*** Records for this task ***

lemma word_dot_diff_right:
  "word_dot k b x (\<lambda>j m. u j m - u' j m) = word_dot k b x u - word_dot k b x u'"
  by (simp add: word_dot_def right_diff_distrib sum_subtractf)

lemma word_dot_scale_right: "word_dot k b x (\<lambda>j m. c * u j m) = c * word_dot k b x u"
  by (simp add: word_dot_def sum_distrib_left mult.left_commute)

lemma word_dot_sum_right:
  "word_dot k b x (\<lambda>j m. \<Sum>i\<in>I. u i j m) = (\<Sum>i\<in>I. word_dot k b x (u i))"
  by (simp add: word_dot_as_dot_on dot_on_sum_right)

definition lincomb ::
  "nat \<Rightarrow> nat \<Rightarrow> nat \<Rightarrow> (nat \<Rightarrow> nat \<Rightarrow> nat \<Rightarrow> 'f) \<Rightarrow> (nat \<Rightarrow> 'f) \<Rightarrow> nat \<Rightarrow> nat \<Rightarrow> 'f::comm_ring_1"
  where "lincomb k b l g a = (\<lambda>j m. if j < k \<and> m < b then \<Sum>i<l. a i * g i j m else 0)"

lemma word_dot_lincomb_left:
  "word_dot k b (lincomb k b l g a) u = (\<Sum>i<l. a i * word_dot k b (g i) u)"
  by (simp add: word_dot_def lincomb_def sum_distrib_left sum_distrib_right mult.assoc
      sum.swap[of _ "{..<l}"])

lemma lincomb_diff:
  "lincomb k b l g (\<lambda>i. a i - a' i) j m = lincomb k b l g a j m - lincomb k b l g a' j m"
  by (simp add: lincomb_def left_diff_distrib sum_subtractf)

lemma lincomb_in_code_space: "lincomb k b l g a \<in> code_space k b"
  by (simp add: lincomb_def code_space_def fvec_def fun_eq_iff)

definition puncture_independent ::
  "nat \<Rightarrow> nat \<Rightarrow> nat \<Rightarrow> nat \<Rightarrow> (nat \<Rightarrow> nat \<Rightarrow> nat \<Rightarrow> 'f::comm_ring_1) \<Rightarrow> bool"
  where "puncture_independent k b t l g \<longleftrightarrow>
    (\<forall>T a. T \<subseteq> {..<k} \<longrightarrow> card T \<le> t \<longrightarrow> (\<forall>j. j \<notin> T \<longrightarrow> lincomb k b l g a j = 0) \<longrightarrow>
       (\<forall>i<l. a i = 0))"

lemma puncture_independent_imp_independent:
  "puncture_independent k b t l g \<Longrightarrow> lincomb k b l g a = 0 \<Longrightarrow> \<forall>i<l. a i = 0"
  unfolding puncture_independent_def by (metis card.empty empty_iff empty_subsetI le0 zero_fun_def)

interpretation code_vs: vector_space "code_scale :: 'f::field \<Rightarrow> (nat \<Rightarrow> nat \<Rightarrow> 'f) \<Rightarrow> _"
  by unfold_locales (auto simp: code_scale_def fun_eq_iff algebra_simps)

lemma code_scale_sum_apply:
  "(\<Sum>i\<in>I. code_scale (a i) (x i)) j m = (\<Sum>i\<in>I. a i * x i j m)"
  by (induction I rule: infinite_finite_induct) (auto simp: code_scale_def)

lemma linear_code_imp_subspace: "linear_code k b C \<Longrightarrow> code_vs.subspace C"
  by (simp add: linear_code_def code_vs.subspace_def)

lemma linear_code_range_lincomb: "linear_code k b (range (lincomb k b l g))"
  unfolding linear_code_def
proof (intro conjI ballI allI subsetI)
  show "x \<in> code_space k b" if "x \<in> range (lincomb k b l g)" for x
    using that lincomb_in_code_space by blast
  show "0 \<in> range (lincomb k b l g)"
    by (rule range_eqI[of _ _ "\<lambda>_. 0"]) (simp add: lincomb_def fun_eq_iff)
  show "x + y \<in> range (lincomb k b l g)"
    if "x \<in> range (lincomb k b l g)" "y \<in> range (lincomb k b l g)" for x y
  proof -
    from that obtain a a' where "x = lincomb k b l g a" "y = lincomb k b l g a'" by blast
    then have "x + y = lincomb k b l g (\<lambda>i. a i + a' i)"
      by (simp add: lincomb_def fun_eq_iff distrib_right sum.distrib)
    then show ?thesis by blast
  qed
  show "code_scale c x \<in> range (lincomb k b l g)" if "x \<in> range (lincomb k b l g)" for c x
  proof -
    from that obtain a where "x = lincomb k b l g a" by blast
    then have "code_scale c x = lincomb k b l g (\<lambda>i. c * a i)"
      by (simp add: lincomb_def code_scale_def fun_eq_iff sum_distrib_left mult.assoc)
    then show ?thesis by blast
  qed
qed

lemma lincomb_eq_sum_units:
  fixes g :: "nat \<Rightarrow> nat \<Rightarrow> nat \<Rightarrow> 'f::field"
  shows "lincomb k b l g a = (\<Sum>i<l. code_scale (a i) (lincomb k b l g (\<lambda>i'. if i' = i then 1 else 0)))"
proof (intro ext)
  fix j m
  have unit: "lincomb k b l g (\<lambda>i'. if i' = i then 1 else 0) j m = (if j < k \<and> m < b then g i j m else 0)"
    if "i < l" for i
    using that by (simp add: lincomb_def if_distrib[of "\<lambda>c. c * _"] cong: if_cong)
  show "lincomb k b l g a j m = (\<Sum>i<l. code_scale (a i) (lincomb k b l g (\<lambda>i'. if i' = i then 1 else 0))) j m"
    unfolding code_scale_sum_apply by (simp add: unit cong: sum.cong_simp) (auto simp: lincomb_def)
qed

lemma dim_range_lincomb:
  fixes g :: "nat \<Rightarrow> nat \<Rightarrow> nat \<Rightarrow> 'f::field"
  assumes indep: "\<And>a. lincomb k b l g a = 0 \<Longrightarrow> \<forall>i<l. a i = 0"
  shows "code_vs.dim (range (lincomb k b l g)) = l"
proof -
  define E where "E i = lincomb k b l g (\<lambda>i'. if i' = i then 1 else 0)" for i
  have inj: "inj_on E {..<l}"
  proof (rule inj_onI)
    fix i i' assume "i \<in> {..<l}" "i' \<in> {..<l}" "E i = E i'"
    then have "lincomb k b l g (\<lambda>j. (if j = i then 1 else 0) - (if j = i' then 1 else 0)) = 0"
      by (simp add: E_def fun_eq_iff lincomb_diff)
    from indep[OF this] \<open>i \<in> {..<l}\<close> show "i = i'" by (metis lessThan_iff one_neq_zero diff_zero)
  qed
  have span: "lincomb k b l g a = (\<Sum>i<l. code_scale (a i) (E i))" for a
    unfolding E_def by (rule lincomb_eq_sum_units)
  have "code_vs.independent (E ` {..<l})"
  proof (rule code_vs.independent_if_scalars_zero)
    fix f x assume "(\<Sum>x\<in>E ` {..<l}. code_scale (f x) x) = 0" and x: "x \<in> E ` {..<l}"
    then have "lincomb k b l g (\<lambda>i. f (E i)) = 0" by (simp add: span sum.reindex[OF inj])
    from indep[OF this] x show "f x = 0" by auto
  qed simp
  moreover have "E ` {..<l} \<subseteq> range (lincomb k b l g)" by (auto simp: E_def)
  moreover have "range (lincomb k b l g) \<subseteq> code_vs.span (E ` {..<l})"
  proof
    fix x assume "x \<in> range (lincomb k b l g)"
    then obtain a where "x = (\<Sum>i<l. code_scale (a i) (E i))" by (auto simp: span)
    also have "\<dots> \<in> code_vs.span (E ` {..<l})"
      by (intro code_vs.span_sum code_vs.span_scale code_vs.span_base) simp
    finally show "x \<in> code_vs.span (E ` {..<l})" .
  qed
  ultimately have "card (E ` {..<l}) = code_vs.dim (range (lincomb k b l g))"
    by (intro code_vs.basis_card_eq_dim)
  then show ?thesis by (simp add: card_image[OF inj])
qed

lemma code_distance_range_lincomb:
  assumes "puncture_independent k b t l g"
  shows "code_distance_ge k (range (lincomb k b l g)) (t + 1)"
  unfolding code_distance_ge_def
proof (intro ballI impI)
  fix x y assume "x \<in> range (lincomb k b l g)" "y \<in> range (lincomb k b l g)" "x \<noteq> y"
  then obtain a a' where x: "x = lincomb k b l g a" and y: "y = lincomb k b l g a'" by blast
  let ?T = "{j. j < k \<and> x j \<noteq> y j}"
  show "t + 1 \<le> card ?T"
  proof (rule ccontr)
    assume "\<not> t + 1 \<le> card ?T"
    then have "card ?T \<le> t" by simp
    moreover have "?T \<subseteq> {..<k}" by auto
    moreover have "lincomb k b l g (\<lambda>i. a i - a' i) j = 0" if "j \<notin> ?T" for j
      using that lincomb_in_code_space[of k b l g] x y
      by (cases "j < k") (auto simp: fun_eq_iff lincomb_diff code_space_def)
    ultimately have "\<forall>i<l. a i - a' i = 0"
      using assms unfolding puncture_independent_def by blast
    then have "x = y" unfolding x y lincomb_def by (simp add: fun_eq_iff)
    with \<open>x \<noteq> y\<close> show False ..
  qed
qed

lemma lincomb_eq_sum:
  fixes g :: "nat \<Rightarrow> nat \<Rightarrow> nat \<Rightarrow> 'f::field"
  assumes "\<forall>i<l. g i \<in> code_space k b"
  shows "lincomb k b l g a = (\<Sum>i<l. code_scale (a i) (g i))"
proof (intro ext)
  fix j m
  have "g i j m = 0" if "i < l" "\<not> (j < k \<and> m < b)" for i
    using assms that by (cases "j < k") (auto simp: code_space_def fvec_def)
  then show "lincomb k b l g a j m = (\<Sum>i<l. code_scale (a i) (g i)) j m"
    by (auto simp: lincomb_def code_scale_sum_apply)
qed

lemma independent_codewords_exist:
  fixes C :: "(nat \<Rightarrow> nat \<Rightarrow> 'f::field) set"
  assumes "l \<le> code_vs.dim C"
  obtains g where "\<And>i. i < l \<Longrightarrow> g i \<in> C"
    and "\<And>a. (\<Sum>i<l. code_scale (a i) (g i)) = 0 \<Longrightarrow> \<forall>i<l. a i = 0"
proof -
  obtain B where B: "B \<subseteq> C" "code_vs.independent B" "card B = code_vs.dim C"
    using code_vs.basis_exists by metis
  obtain B' where B': "B' \<subseteq> B" "card B' = l" "finite B'"
    using obtain_subset_with_card_n[of l B] assms B(3) by metis
  obtain g where g: "bij_betw g {..<l} B'"
    using ex_bij_betw_nat_finite[OF B'(3)] B'(2) by (auto simp: atLeast0LessThan)
  then have inj: "inj_on g {..<l}" and B'_image: "B' = g ` {..<l}" by (simp_all add: bij_betw_def)
  have "\<forall>i<l. a i = 0" if "(\<Sum>i<l. code_scale (a i) (g i)) = 0" for a
  proof -
    define u where "u v = a (the_inv_into {..<l} g v)" for v
    have "(\<Sum>v\<in>B'. code_scale (u v) v) = (\<Sum>i<l. code_scale (a i) (g i))"
      unfolding B'_image by (simp add: sum.reindex[OF inj] u_def the_inv_into_f_f[OF inj])
    then have "(\<Sum>v\<in>B'. code_scale (u v) v) = 0" using that by simp
    moreover have "code_vs.independent B'" using B(2) B'(1) by (rule code_vs.independent_mono)
    ultimately have "\<forall>v\<in>B'. u v = 0"
      using B'(3) unfolding code_vs.independent_explicit_finite_subsets by blast
    then show ?thesis by (auto simp: u_def B'_image the_inv_into_f_f[OF inj])
  qed
  moreover have "g i \<in> C" if "i < l" for i
    using B'_image B'(1) B(1) that by auto
  ultimately show ?thesis using that by blast
qed

lemma puncture_independent_of_code:
  fixes C :: "(nat \<Rightarrow> nat \<Rightarrow> 'f::field) set"
  assumes code: "linear_code k b C" and dim: "l \<le> code_vs.dim C"
    and dist: "code_distance_ge k C (t + 1)"
  shows "\<exists>g :: nat \<Rightarrow> nat \<Rightarrow> nat \<Rightarrow> 'f. puncture_independent k b t l g"
proof -
  obtain g where gC: "\<And>i. i < l \<Longrightarrow> g i \<in> C"
    and indep: "\<And>a. (\<Sum>i<l. code_scale (a i) (g i)) = 0 \<Longrightarrow> \<forall>i<l. a i = 0"
    using independent_codewords_exist[OF dim] by blast
  have "puncture_independent k b t l g"
    unfolding puncture_independent_def
  proof (intro allI impI)
    fix T a i assume T: "T \<subseteq> {..<k}" "card T \<le> t"
      and vanish: "\<forall>j. j \<notin> T \<longrightarrow> lincomb k b l g a j = 0" and "i < l"
    have comb: "lincomb k b l g a = (\<Sum>i<l. code_scale (a i) (g i))"
      using gC code by (intro lincomb_eq_sum) (auto simp: linear_code_def)
    have "lincomb k b l g a \<in> C"
      unfolding comb using gC linear_code_imp_subspace[OF code]
      by (intro code_vs.subspace_sum code_vs.subspace_scale) auto
    moreover have "0 \<in> C" using code by (simp add: linear_code_def)
    moreover have "card {j. j < k \<and> lincomb k b l g a j \<noteq> 0 j} \<le> t"
    proof -
      have "{j. j < k \<and> lincomb k b l g a j \<noteq> 0 j} \<subseteq> T" using vanish by auto
      then show ?thesis using T finite_subset[OF T(1)] card_mono order_trans by blast
    qed
    ultimately have "lincomb k b l g a = 0"
      using dist unfolding code_distance_ge_def by (metis Suc_eq_plus1 not_less_eq_eq)
    then show "a i = 0" using indep comb \<open>i < l\<close> by simp
  qed
  then show ?thesis by blast
qed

*** End of Records for this task ***

Where a line above holds the string "mult", show that line.

  by (simp add: word_dot_def sum_distrib_left mult.left_commute)
  by (simp add: word_dot_def lincomb_def sum_distrib_left sum_distrib_right mult.assoc
      by (simp add: lincomb_def code_scale_def fun_eq_iff sum_distrib_left mult.assoc)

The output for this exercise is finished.